Сьюзен слезла на землю, стараясь не поднимать взгляд, однако она не могла не увидеть ярко-синюю реку.
Там плавали оранжевые рыбки. Они выглядели какими-то ненастоящими, потому что, казалось, были созданы человеком, по мнению которого всякая рыба похожа на две изогнутые линии с точкой и треугольным хвостом. Эти рыбки напомнили Сьюзен скелетообразных рыб в мертвом пруду Смерти. Однако они соответствовали… окружению. И она их видела, несмотря на то что вода представляла собой непроницаемый, твердый массив цвета.
Сьюзен присела и опустила в воду руку. Вода была похожа на обычную воду, но между пальцами текла жидкая синева.
И тут Сьюзен поняла, где оказалась. Последний кусочек мозаики встал на место, и знание пышным цветом расцвело в ее голове. Она знала, как будут расположены окна, когда она увидит дом, и как будет подниматься в небо дым из печной трубы.
А на деревьях обязательно будут расти яблоки. И они будут красными, потому что любой знает: яблоки должны быть красными. А солнце – желтым. Небо – голубым. Трава – зеленой.
Но существовал другой мир, «реальный» (так называли его люди, которые в него верили), и небо там могло быть любым – от грязно-белого до закатно-красного и дождливо-серого. И деревья могли выглядеть как угодно – могли быть голыми кривыми сучьями на фоне пасмурного неба или ярко-красными кострами перед наступлением холодов. Солнце было белым, желтым или оранжевым. А вода могла быть коричневой, серой или зеленой.
Здесь цвета были весенними, и весна эта не относилась к реальному миру. То были цвета, порожденные весной взгляда.
– Это детский рисунок, – прошептала она. О боже устало опустился на зелень.
– Каждый раз, когда я смотрю на ту пустоту, у меня начинают слезиться глаза, – пробормотал он. – Я отвратительно себя чувствую.
– Это детский рисунок, – повторила Сьюзен уже громче.
– О боже… кажется, снадобье волшебников перестает действовать…
– Я видела сотни таких, – продолжала Сьюзен, не обращая внимания на его слова. – Ты рисуешь небо наверху, потому что видишь его над своей головой; кроме того, с твоей высоты, с высоты двух футов, не больно-то много неба видать. Тебе все твердят, что трава – зеленая, а вода – синяя. Такой пейзаж ты и рисуешь. Твила так рисует. Я так рисовала.
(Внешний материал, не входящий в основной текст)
lemma integral_norm_mult_radial_bump_le:
  fixes z :: "real^'n::finite \<Rightarrow> complex"
  assumes "continuous_on UNIV z" "\<epsilon> > 0" "Lp_norm_pow 4 z \<le> ennreal \<eta>" "\<eta> \<ge> 0"
  shows "(\<integral>x. cmod (z x) * radial_bump 0 1 x \<partial>lborel)
           \<le> \<epsilon> * (\<integral>x. radial_bump 0 1 (x :: real^'n) \<partial>lborel) + \<eta> / \<epsilon> ^ 3"
proof -
  define \<psi> where "\<psi> = (radial_bump 0 1 :: real^'n \<Rightarrow> real)"
  have \<psi>: "0 \<le> \<psi> x" "\<psi> x \<le> 1" for x
    by (simp_all add: \<psi>_def radial_bump_def bump_profile_nonneg bump_profile_0_le_1)
  have c1: "continuous_on UNIV (\<lambda>x. cmod (z x))"
    by (intro continuous_intros assms(1))
  have c4: "continuous_on UNIV (\<lambda>x. cmod (z x) powr 4)"
    by (rule continuous_on_powr'[OF c1 continuous_on_const]) auto
  have int_\<psi>: "integrable lborel \<psi>"
    using integrable_mult_radial_bump[OF continuous_on_const, of 1 1 0] by (simp add: \<psi>_def)
  have int_4: "integrable lborel (\<lambda>x. cmod (z x) powr 4 * \<psi> x)"
    unfolding \<psi>_def by (intro integrable_mult_radial_bump c4) simp
  have "(\<integral>x. cmod (z x) * \<psi> x \<partial>lborel) \<le> (\<integral>x. \<epsilon> * \<psi> x + cmod (z x) powr 4 * \<psi> x / \<epsilon> ^ 3 \<partial>lborel)"
  proof (rule integral_mono)
    show "integrable lborel (\<lambda>x. cmod (z x) * \<psi> x)"
      unfolding \<psi>_def by (intro integrable_mult_radial_bump c1) simp
    show "integrable lborel (\<lambda>x. \<epsilon> * \<psi> x + cmod (z x) powr 4 * \<psi> x / \<epsilon> ^ 3)"
      by (intro Bochner_Integration.integrable_add integrable_mult_right integrable_divide int_\<psi> int_4)
    show "cmod (z x) * \<psi> x \<le> \<epsilon> * \<psi> x + cmod (z x) powr 4 * \<psi> x / \<epsilon> ^ 3" for x
      using mult_right_mono[OF le_add_power_div_cube[OF norm_ge_zero \<open>\<epsilon> > 0\<close>] \<psi>(1), of "z x" x]
      by (simp add: algebra_simps)
  qed
  also have "\<dots> = \<epsilon> * (\<integral>x. \<psi> x \<partial>lborel) + (\<integral>x. cmod (z x) powr 4 * \<psi> x \<partial>lborel) / \<epsilon> ^ 3"
    using int_\<psi> int_4 by simp
  also have "(\<integral>x. cmod (z x) powr 4 * \<psi> x \<partial>lborel) \<le> \<eta>"
  proof -
    have "(\<integral>\<^sup>+x. ennreal (cmod (z x) powr 4 * \<psi> x) \<partial>lborel) \<le> Lp_norm_pow 4 z"
      unfolding Lp_norm_pow_def
      by (intro nn_integral_mono ennreal_leI) (use \<psi> in \<open>simp add: mult_left_le\<close>)
    then have "(\<integral>\<^sup>+x. ennreal (cmod (z x) powr 4 * \<psi> x) \<partial>lborel) \<le> ennreal \<eta>"
      using assms(3) by order
    moreover have "(\<integral>x. cmod (z x) powr 4 * \<psi> x \<partial>lborel)
        = enn2real (\<integral>\<^sup>+x. ennreal (cmod (z x) powr 4 * \<psi> x) \<partial>lborel)"
      using \<psi> by (intro integral_eq_nn_integral borel_measurable_integrable[OF int_4]) auto
    ultimately show ?thesis
      using \<open>\<eta> \<ge> 0\<close> by (simp add: enn2real_leI)
  qed
  finally show ?thesis
    using \<open>\<epsilon> > 0\<close> by (simp add: \<psi>_def divide_right_mono)
qed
У дедушки сохранилось несколько…
Она замолчала.
– Все дети так рисуют, – наконец сказала она. – Пошли, нужно найти дом.
– Какой дом? – простонал о боже. – Ты не можешь говорить потише?
– Должен быть дом, – решительно произнесла Сьюзен. – Всегда есть дом. С четырьмя окнами. И дым, похожий на пружину, поднимается из трубы. Послушай, это место похоже на деду… на владения Смерти. С реальной географией оно не имеет ничего общего.
О боже подошел к ближайшему дереву и постучал по нему головой, словно проверяя.
– А ощущение как от самой что ни на есть географии, – пробормотал он.
– Ты когда-нибудь видел такие деревья? Похожие на большой зеленый шар на коричневой палочке? – Сьюзен потащила его за собой.
– Не знаю. Впервые вижу деревья. Ой. Что-то упало мне на голову. – Он, вытаращив глаза, посмотрел под ноги. – Оно красное.
– Это яблоко, – пояснила Сьюзен и вздохнула. – Всем известно: яблоки – красные.
Кустов не было, зато были цветы, каждый – с парой зеленых листочков. Они росли отдельно от травы.
А потом деревья кончились и за изгибом реки они увидели дом.
Он не был большим. У него были четыре окна и дверь. Из трубы в небо поднимался штопор дыма.
– Знаешь, что самое смешное, – промолвила Сьюзен, глядя на дом. – Твила тоже рисует такие дома. А сама живет в особняке. Я рисовала такие дома, а родилась во дворце. Почему?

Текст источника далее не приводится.